#### Task objective
The entries that follow include a run beginning at the line with "same_class) = dirac_sum" and ending at the line with "J \<Longrightarrow> p (r"; restate that run word for word and leave the rest out.

::: Data :::

lemma atomic_product_restrict_diagonal:
  assumes "finite X" and "B \<subseteq> X" and refl: "\<And>x. x \<in> B \<Longrightarrow> (x, x) \<in> G"
    and off_diagonal: "\<And>x y. (x, y) \<in> G \<Longrightarrow> x \<noteq> y \<Longrightarrow> \<mu> {x} * \<mu> {y} = 0"
    and idem: "\<And>x. \<mu> {x} * \<mu> {x} = \<mu> {x}"
  shows "atomic_product \<mu> ((B \<times> X) \<inter> G) = (\<Sum>x\<in>B. \<mu> {x})"
proof -
  let ?diag = "(\<lambda>x. (x, x)) ` B"
  have "atomic_product \<mu> ((B \<times> X) \<inter> G) = (\<Sum>(x, y)\<in>?diag. \<mu> {x} * \<mu> {y})"
    unfolding atomic_product_def
  proof (rule sum.mono_neutral_right)
    show "finite ((B \<times> X) \<inter> G)" using assms(1,2) by (simp add: finite_subset)
    show "?diag \<subseteq> (B \<times> X) \<inter> G" using assms(2) refl by auto
    show "\<forall>p\<in>(B \<times> X) \<inter> G - ?diag. (case p of (x, y) \<Rightarrow> \<mu> {x} * \<mu> {y}) = 0"
    proof (clarify)
      fix x y assume "(x, y) \<in> G" "x \<in> B" "(x, y) \<notin> ?diag"
      then show "\<mu> {x} * \<mu> {y} = 0" by (intro off_diagonal) auto
    qed
  qed
  also have "\<dots> = (\<Sum>x\<in>B. \<mu> {x} * \<mu> {x})"
    by (simp add: sum.reindex inj_on_def)
  finally show ?thesis using idem by simp
qed

locale represented_partition =
  fixes X :: "'a set" and J :: "'j set" and C :: "'j \<Rightarrow> 'a set" and r :: "'j \<Rightarrow> 'a"
  assumes cover: "(\<Union>j\<in>J. C j) = X"
    and disjoint: "\<And>i j. i \<in> J \<Longrightarrow> j \<in> J \<Longrightarrow> i \<noteq> j \<Longrightarrow> C i \<inter> C j = {}"
    and rep_in_class: "\<And>j. j \<in> J \<Longrightarrow> r j \<in> C j"
begin

definition same_class :: "('a \<times> 'a) set" where
  "same_class = (\<Union>j\<in>J. C j \<times> C j)"

lemma class_unique: "i \<in> J \<Longrightarrow> j \<in> J \<Longrightarrow> x \<in> C i \<Longrightarrow> x \<in> C j \<Longrightarrow> i = j"
  using disjoint by blast

lemma rep_in_space: "j \<in> J \<Longrightarrow> r j \<in> X"
  using cover rep_in_class by blast

lemma inj_on_rep: "inj_on r J"
  by (rule inj_onI) (metis class_unique rep_in_class)

lemma finite_index: "finite X \<Longrightarrow> finite J"
  using inj_on_rep rep_in_space by (metis finite_imageD finite_subset image_subsetI)

lemma equiv_same_class: "equiv X same_class"
proof (rule equivI)
  show "same_class \<subseteq> X \<times> X" "refl_on X same_class" "sym same_class"
    using cover unfolding same_class_def refl_on_def sym_def by blast+
  show "trans same_class"
    unfolding same_class_def trans_def by (blast dest: class_unique)
qed

lemma same_class_comp: "same_class O same_class = same_class"
  using equiv_comp_eq[OF equiv_same_class] equiv_same_class
  by (simp add: equiv_def sym_conv_converse_eq)

lemma same_class_reps_eq:
  assumes "(x, y) \<in> same_class" and "x \<in> r ` J" and "y \<in> r ` J"
  shows "x = y"
proof -
  obtain j where "j \<in> J" "x \<in> C j" "y \<in> C j"
    using assms(1) unfolding same_class_def by blast
  moreover obtain i k where "i \<in> J" "x = r i" "k \<in> J" "y = r k"
    using assms(2,3) by blast
  ultimately have "i = j" and "k = j"
    using class_unique rep_in_class by metis+
  then show ?thesis using \<open>x = r i\<close> \<open>y = r k\<close> by simp
qed

lemma dirac_sum_same_class_off_diagonal:
  assumes "(x, y) \<in> same_class" and "x \<noteq> y"
  shows "dirac_sum J r w {x} * dirac_sum J r w {y} = 0"
proof (cases "x \<in> r ` J")
  case True
  then have "y \<notin> r ` J" using assms same_class_reps_eq by blast
  then show ?thesis by (simp add: dirac_sum_singleton_nonrep)
qed (simp add: dirac_sum_singleton_nonrep)

lemma atomic_product_same_class_slice:
  assumes "finite X" and "B \<subseteq> X" and w01: "\<And>j. j \<in> J \<Longrightarrow> w j = 0 \<or> w j = 1"
  shows "atomic_product (dirac_sum J r w) ((B \<times> X) \<inter> same_class) = dirac_sum J r w B"
proof -
  have "x \<in> B \<Longrightarrow> (x, x) \<in> same_class" for x
    using equiv_same_class \<open>B \<subseteq> X\<close> by (auto simp: equiv_def refl_on_def)
  moreover have "dirac_sum J r w {x} * dirac_sum J r w {x} = dirac_sum J r w {x}" for x
    using inj_on_rep w01 by (rule dirac_sum_singleton_idem)
  ultimately have "atomic_product (dirac_sum J r w) ((B \<times> X) \<inter> same_class) =
      (\<Sum>x\<in>B. dirac_sum J r w {x})"
    using assms(1,2) dirac_sum_same_class_off_diagonal
    by (intro atomic_product_restrict_diagonal[where \<mu> = "dirac_sum J r w"])
  also have "\<dots> = dirac_sum J r w B"
    using assms(1,2) finite_index finite_subset by (metis dirac_sum_eq_sum_atoms)
  finally show ?thesis .
qed

lemma atomic_product_dirac_sum_Times:
  assumes "finite X" and "B1 \<subseteq> X" and "B2 \<subseteq> X"
  shows "atomic_product (dirac_sum J r w) (B1 \<times> B2) = dirac_sum J r w B1 * dirac_sum J r w B2"
proof -
  have "finite J" using assms(1) by (rule finite_index)
  moreover have "finite B1" and "finite B2"
    using finite_subset assms by blast+
  ultimately show ?thesis
    by (simp add: atomic_product_Times dirac_sum_eq_sum_atoms[of J B1] dirac_sum_eq_sum_atoms[of J B2])
qed

context
  fixes p :: "'a \<Rightarrow> 'a"
  assumes proj: "\<And>x j. x \<in> X \<Longrightarrow> j \<in> J \<Longrightarrow> x \<in> C j \<Longrightarrow> p x = r j"
begin

lemma proj_rep: "j \<in> J \<Longrightarrow> p (r j) = r j"
  using proj rep_in_space rep_in_class by blast

lemma proj_in_reps: "x \<in> X \<Longrightarrow> p x \<in> r ` J"
  using proj cover by blast

lemma proj_idem:
  assumes "x \<in> X"
  shows "p (p x) = p x"
proof -
  obtain j where "j \<in> J" and "p x = r j" using proj_in_reps[OF assms] by blast
  then show ?thesis using proj_rep by simp
qed
theorem theorem5:
  fixes d :: nat
  assumes "d \<ge> 1"
  shows "\<exists>(a :: nat \<Rightarrow> nat) (c :: real).
           (\<forall>n\<ge>1. 0 < a n \<and> a n < a (Suc n)) \<and> c > 0 \<and>
           (\<forall>n\<ge>1. real (a (Suc n)) / real (a n) > 1 + c / (real (a n) powr (1 / real d))) \<and>
           (AE \<alpha> in lborel. \<forall>\<epsilon>>0.
              (\<lambda>N. real N * discrepancy (\<lambda>n. frac (real (a n) * \<alpha>)) N)
                \<in> O(\<lambda>N. ln (real N) powr (2 + \<epsilon>)))"
proof (intro exI[of _ "sparse_seq d"] exI[of _ "1 / 2"] conjI)
  show "\<forall>n\<ge>1. 0 < sparse_seq d n \<and> sparse_seq d n < sparse_seq d (Suc n)"
    using sparse_seq_pos sparse_seq_less_Suc by auto
  show "\<forall>n\<ge>1. real (sparse_seq d (Suc n)) / real (sparse_seq d n)
          > 1 + (1 / 2) / real (sparse_seq d n) powr (1 / real d)"
    using sparse_seq_ratio_gt[OF assms] by auto
  show "AE \<alpha> in lborel. \<forall>\<epsilon>>0. (\<lambda>N. real N * discrepancy (\<lambda>n. frac (real (sparse_seq d n) * \<alpha>)) N)
          \<in> O(\<lambda>N. ln (real N) powr (2 + \<epsilon>))"
    using AE_badly_approx_from[of d] by eventually_elim (auto intro: sparse_seq_discrepancy_bigo)
qed simp

end
(* Let $H:\mathbb{R}^2\to\mathbb{R}$ satisfy (C3), (CNH) and (CVX). Then: (UC) for every $h\in\mathbb{R}$ there exists $\mathcal{U}_h\in\mathbb{R}$ such that for all $(x,u)\in\mathbb{R}^2$, if $|H(x,u)|\le h$ then $|u|\le\mathcal{U}_h$; and (WGNL) for a.e. $x\in\mathbb{R}$ the set $\{w\in\mathbb{R}:\partial^2_{ww}H(x,w)=0\}$ has empty interior.
   Context: (C3) $H\in C^3(\mathbb{R}^2;\mathbb{R})$; (CNH) there exists $X>0$ such that $\partial_xH(x,p)=0$ for all $p$ whenever $|x|\ge X$; (CVX) for every $x\in\mathbb{R}$, $p\mapsto\partial_pH(x,p)$ is an increasing $C^1$-diffeomorphism of $\mathbb{R}$ onto itself. *)

theory Defs
  imports "HOL-Analysis.Analysis"
begin

fun Ck2 :: "nat \<Rightarrow> (real \<times> real \<Rightarrow> real) \<Rightarrow> bool" where
  "Ck2 0 f = continuous_on UNIV f"
| "Ck2 (Suc k) f = (\<exists>f1 f2. (\<forall>z. (f has_derivative (\<lambda>(a, b). f1 z * a + f2 z * b)) (at z))
                          \<and> Ck2 k f1 \<and> Ck2 k f2)"

definition partial_x :: "(real \<times> real \<Rightarrow> real) \<Rightarrow> real \<Rightarrow> real \<Rightarrow> real" where
  "partial_x H x p = deriv (\<lambda>t. H (t, p)) x"

definition partial_p :: "(real \<times> real \<Rightarrow> real) \<Rightarrow> real \<Rightarrow> real \<Rightarrow> real" where
  "partial_p H x p = deriv (\<lambda>q. H (x, q)) p"

definition partial_pp :: "(real \<times> real \<Rightarrow> real) \<Rightarrow> real \<Rightarrow> real \<Rightarrow> real" where
  "partial_pp H x p = deriv (\<lambda>q. partial_p H x q) p"

definition incr_C1_diffeo :: "(real \<Rightarrow> real) \<Rightarrow> bool" where
  "incr_C1_diffeo g \<longleftrightarrow> strict_mono g \<and> bij g \<and> g C1_differentiable_on UNIV
      \<and> inv g C1_differentiable_on UNIV"

end

theory Submission
  imports Defs
begin
lemma prob_tail_le_Suc:
  assumes pos: "0 < \<P>(\<omega> in M. tail (Suc k) \<omega> \<le> s)" and "s < s'"
  shows "0 < \<P>(\<omega> in M. tail k \<omega> \<le> s')"
proof -
  have "0 < \<P>(\<omega> in M. wait k \<omega> \<le> s' - s)"
    using exponential_distributedD_le[OF distributed_wait, of "s' - s"] rate_pos[of k] \<open>s < s'\<close>
    by (simp add: mult_neg_pos)
  then have "0 < \<P>(\<omega> in M. wait k \<omega> \<in> {..s' - s}) * \<P>(\<omega> in M. tail (Suc k) \<omega> \<in> {..s})"
    using pos by simp
  also have "\<dots> = \<P>(\<omega> in M. wait k \<omega> \<in> {..s' - s} \<and> tail (Suc k) \<omega> \<in> {..s})"
    by (rule prob_indep_random_variable[OF indep_wait_tail, symmetric]) auto
  also have "\<dots> \<le> \<P>(\<omega> in M. tail k \<omega> \<le> s')"
    using AE_regular
    by (intro finite_measure_mono_AE) (auto elim!: eventually_mono simp: tail_Suc[of _ k])
  finally show ?thesis .
qed

lemma prob_tail_le_pos_if_later:
  "0 < \<P>(\<omega> in M. tail (n + k) \<omega> \<le> s) \<Longrightarrow> s < s' \<Longrightarrow> 0 < \<P>(\<omega> in M. tail k \<omega> \<le> s')"
proof (induction n arbitrary: k s')
  case 0
  have "\<P>(\<omega> in M. tail k \<omega> \<le> s) \<le> \<P>(\<omega> in M. tail k \<omega> \<le> s')"
    using 0 by (intro finite_measure_mono) auto
  with 0 show ?case
    by simp
next
  case (Suc n)
  then have "0 < \<P>(\<omega> in M. tail (Suc k) \<omega> \<le> (s + s') / 2)"
    by (intro Suc.IH[of "Suc k"]) simp_all
  then show ?case
    by (rule prob_tail_le_Suc) (use Suc.prems in simp)
qed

:::

#### Written solution
  shows "atomic_product (dirac_sum J r w) ((B \<times> X) \<inter> same_class) = dirac_sum J r w B"
proof -
  have "x \<in> B \<Longrightarrow> (x, x) \<in> same_class" for x
    using equiv_same_class \<open>B \<subseteq> X\<close> by (auto simp: equiv_def refl_on_def)
  moreover have "dirac_sum J r w {x} * dirac_sum J r w {x} = dirac_sum J r w {x}" for x
    using inj_on_rep w01 by (rule dirac_sum_singleton_idem)
  ultimately have "atomic_product (dirac_sum J r w) ((B \<times> X) \<inter> same_class) =
      (\<Sum>x\<in>B. dirac_sum J r w {x})"
    using assms(1,2) dirac_sum_same_class_off_diagonal
    by (intro atomic_product_restrict_diagonal[where \<mu> = "dirac_sum J r w"])
  also have "\<dots> = dirac_sum J r w B"
    using assms(1,2) finite_index finite_subset by (metis dirac_sum_eq_sum_atoms)
  finally show ?thesis .
qed

lemma atomic_product_dirac_sum_Times:
  assumes "finite X" and "B1 \<subseteq> X" and "B2 \<subseteq> X"
  shows "atomic_product (dirac_sum J r w) (B1 \<times> B2) = dirac_sum J r w B1 * dirac_sum J r w B2"
proof -
  have "finite J" using assms(1) by (rule finite_index)
  moreover have "finite B1" and "finite B2"
    using finite_subset assms by blast+
  ultimately show ?thesis
    by (simp add: atomic_product_Times dirac_sum_eq_sum_atoms[of J B1] dirac_sum_eq_sum_atoms[of J B2])
qed

context
  fixes p :: "'a \<Rightarrow> 'a"
  assumes proj: "\<And>x j. x \<in> X \<Longrightarrow> j \<in> J \<Longrightarrow> x \<in> C j \<Longrightarrow> p x = r j"
begin

lemma proj_rep: "j \<in> J \<Longrightarrow> p (r j) = r j"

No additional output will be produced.